Trade features significantly in this first edition of Across the EUniverse for the year 2017. It cannot be otherwise. US President Trump has said that he will change US trade policy building barriers to market access and forcing US companies to manufacture at home. China President Xi has said that China promotes barrier free trade so long as the barriers are in third countries (not in China). The EU is in the process of reforming its trade defence instruments and digesting how a post Brexit world will look.
This change in trade is evidence of wider change that is taking place around us and which is likely to continue into 2017. There will be federal elections in Germany and national elections in France. If Italy gets to change its electoral law there may well be an election in Italy. Will the forces that backed President Trump in the US win in the EU as well.
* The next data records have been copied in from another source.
section \<open>Mean value property of pluriharmonic functions\<close>

lemma circle_mean_Re_holomorphic:
  fixes g :: "complex \<Rightarrow> complex"
  assumes "open W" "cball 0 1 \<subseteq> W" and g: "g holomorphic_on W"
  shows "(LINT t:{0..1}|lborel. Re (g (exp (2 * of_real pi * \<i> * of_real t)))) = Re (g 0)"
proof -
  have cont: "continuous_on W g"
    using g holomorphic_on_imp_continuous_on by blast
  have "((\<lambda>w. g w / (w - 0)) has_contour_integral (2 * of_real pi * \<i> * g 0)) (circlepath 0 1)"
  proof (rule Cauchy_integral_circlepath)
    show "continuous_on (cball 0 1) g"
      using assms(2) cont by (rule continuous_on_subset[rotated])
    show "g holomorphic_on ball 0 1"
      using assms(2) g ball_subset_cball by (blast intro: holomorphic_on_subset)
  qed simp
  then have "((\<lambda>t. 2 * of_real pi * \<i> * g (exp (2 * of_real pi * \<i> * of_real t))) has_integral 2 * of_real pi * \<i> * g 0) {0..1}"
    unfolding has_contour_integral vector_derivative_circlepath by (simp add: circlepath mult_ac)
  then have "((\<lambda>t. g (exp (2 * of_real pi * \<i> * of_real t))) has_integral g 0) {0..1}"
    by (subst (asm) has_integral_mult_right_iff) simp_all
  from has_integral_linear[OF this bounded_linear_Re]
  have "((\<lambda>t. Re (g (exp (2 * of_real pi * \<i> * of_real t)))) has_integral Re (g 0)) {0..1}"
    by (simp add: o_def)
  moreover have "continuous_on {0..1} (\<lambda>t::real. Re (g (exp (2 * of_real pi * \<i> * of_real t))))"
    using assms(2) by (intro continuous_intros continuous_on_compose2[OF cont])
      (auto simp: norm_exp_eq_Re)
  ultimately show ?thesis
    by (metis borel_integrable_compact compact_Icc integral_unique set_borel_integral_eq_integral(2)
        set_integrable_def)
qed

lemma set_integral_cball_complex_rotation:
  fixes u :: "complex^'n \<Rightarrow> real"
  assumes \<zeta>: "cmod \<zeta> = 1" and u: "continuous_on (cball x r) u"
  shows "(LINT y:cball x r|lborel. u (x + \<zeta> *s (y - x))) = (LINT y:cball x r|lborel. u y)"
proof -
  have "dist x (x + \<zeta> *s (y - x)) = dist x y" for y
    using \<zeta> norm_vector_scalar_mult_complex[of \<zeta> "x - y"] by (simp add: dist_norm vector_ssub_ldistrib)
  then have "(LINT y:cball x r|lborel. u (x + \<zeta> *s (y - x)))
      = (\<integral>y. indicator (cball x r) (x + \<zeta> *s (y - x)) *\<^sub>R u (x + \<zeta> *s (y - x)) \<partial>lborel)"
    unfolding set_lebesgue_integral_def by (intro Bochner_Integration.integral_cong) (simp_all add: indicator_def)
  also have "\<dots> = (\<integral>y. indicator (cball x r) y *\<^sub>R u y \<partial>distr lborel borel (\<lambda>y. x + \<zeta> *s (y - x)))"
    using u by (intro integral_distr[symmetric] borel_measurable_continuous_on_indicator)
      (auto intro!: borel_measurable_continuous_onI continuous_intros)
  also have "\<dots> = (LINT y:cball x r|lborel. u y)"
    unfolding distr_lborel_complex_rotation[OF \<zeta>] set_lebesgue_integral_def ..
  finally show ?thesis .
qed

lemma circle_mean_Re_holomorphic_several:
  fixes F :: "complex^'n \<Rightarrow> complex"
  assumes U: "open U" "cball x r \<subseteq> U" and F: "holomorphic_several F U" and y: "y \<in> cball x r"
  shows "(LINT t:{0..1}|lborel. Re (F (x + exp (2 * of_real pi * \<i> * of_real t) *s (y - x)))) = Re (F x)"
proof -
  define W where "W = {l. x + l *s (y - x) \<in> U}"
  have "W = (\<lambda>l. x + l *s (y - x)) -` U"
    by (auto simp: W_def)
  then have "open W"
    using U(1) by (auto intro!: open_vimage continuous_intros)
  moreover have "cball 0 1 \<subseteq> W"
  proof
    fix l :: complex assume "l \<in> cball 0 1"
    then have "norm (l *s (y - x)) \<le> norm (y - x)"
      by (simp add: norm_vector_scalar_mult_complex mult_left_le_one_le del: vector_ssub_ldistrib)
    then show "l \<in> W"
      using y U(2) by (auto simp: W_def dist_norm norm_minus_commute)
  qed
  moreover have "(\<lambda>l. F (x + l *s (y - x))) holomorphic_on W"
    unfolding W_def by (rule holomorphic_several_imp_holomorphic_on_line[OF F])
  ultimately show ?thesis
    by (auto dest: circle_mean_Re_holomorphic)
qed

lemma ball_mean_Re_holomorphic_several:
  fixes F :: "complex^'n \<Rightarrow> complex"
  assumes U: "open U" "cball x r \<subseteq> U" and F: "holomorphic_several F U"
  shows "(LINT y:cball x r|lborel. Re (F y)) = Re (F x) * measure lborel (cball x r)"
proof -
  define B where "B = cball x r"
  define u where "u y = Re (F y)" for y
  define R where "R t y = x + exp (2 * of_real pi * \<i> * of_real t) *s (y - x)" for t :: real and y
  define \<phi> where "\<phi> t y = indicator {0..1} t * (indicator B y * u (R t y))" for t y
  have u: "continuous_on U u"
    using holomorphic_several_imp_continuous_on[OF F] unfolding u_def by (intro continuous_intros)
  have R_B: "R t y \<in> B \<longleftrightarrow> y \<in> B" for t y
    using norm_vector_scalar_mult_complex[of "exp (2 * of_real pi * \<i> * of_real t)" "y - x"]
    by (simp add: B_def R_def dist_norm norm_minus_commute norm_exp_eq_Re del: vector_ssub_ldistrib)
  have "continuous_on ({0..1} \<times> B) (\<lambda>p. u (R (fst p) (snd p)))"
    using U(2) R_B unfolding B_def R_def
    by (intro continuous_on_compose2[OF u] continuous_intros) auto
  then have "integrable lborel (\<lambda>p. indicator ({0..1} \<times> B) p *\<^sub>R u (R (fst p) (snd p)))"
    by (rule borel_integrable_compact[rotated]) (simp add: B_def compact_Times)
  then have "integrable (lborel \<Otimes>\<^sub>M lborel) (case_prod \<phi>)"
    unfolding lborel_prod by (simp add: \<phi>_def indicator_times case_prod_beta' mult.assoc)
  \<comment> \<open>For fixed \<open>y\<close> the \<open>t\<close>-integral is a circle mean in the complex line through \<open>x\<close> and \<open>y\<close>;
    for fixed \<open>t\<close> the \<open>y\<close>-integral is unchanged by the rotation \<open>R t\<close>.\<close>
  then have Fubini: "(\<integral>y. (\<integral>t. \<phi> t y \<partial>lborel) \<partial>lborel) = (\<integral>t. (\<integral>y. \<phi> t y \<partial>lborel) \<partial>lborel)"
    by (rule lborel_pair.Fubini_integral)
  have "(\<integral>t. \<phi> t y \<partial>lborel) = indicator B y * u x" for y
    using circle_mean_Re_holomorphic_several[OF U F, of y]
    by (cases "y \<in> B") (simp_all add: \<phi>_def R_def B_def u_def set_lebesgue_integral_def)
  moreover have "(\<integral>y. \<phi> t y \<partial>lborel) = indicator {0..1} t * (LINT y:B|lborel. u y)" for t
  proof -
    have "cmod (exp (2 * of_real pi * \<i> * of_real t)) = 1"
      by (simp add: norm_exp_eq_Re)
    from set_integral_cball_complex_rotation[OF this continuous_on_subset[OF u U(2)]]
    show ?thesis
      by (simp add: \<phi>_def R_def B_def set_lebesgue_integral_def)
  qed
  ultimately show ?thesis
    using Fubini by (simp add: B_def u_def set_lebesgue_integral_def emeasure_lborel_cball_finite mult.commute)
qed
The country most likely to change is the Netherlands, once a bastion of openness but now toying with the idea of giving the most votes to an anti-Islam party.
In this issue we look at the legal debate concerning an Italian exit from the Euro; a comparison between Trump and Xi approach on the concept of trade; some consequences of the excessive length of court proceeding; we also examine the advantages of the new italian “rent to buy” agreement; as well as the Multilateral Investment Court; an overview of the service sector; a further examination of the trade consequences of Brexit and finally the advantages or disadvantages of enhancing the bilateral framework between EU and US in the field of energy.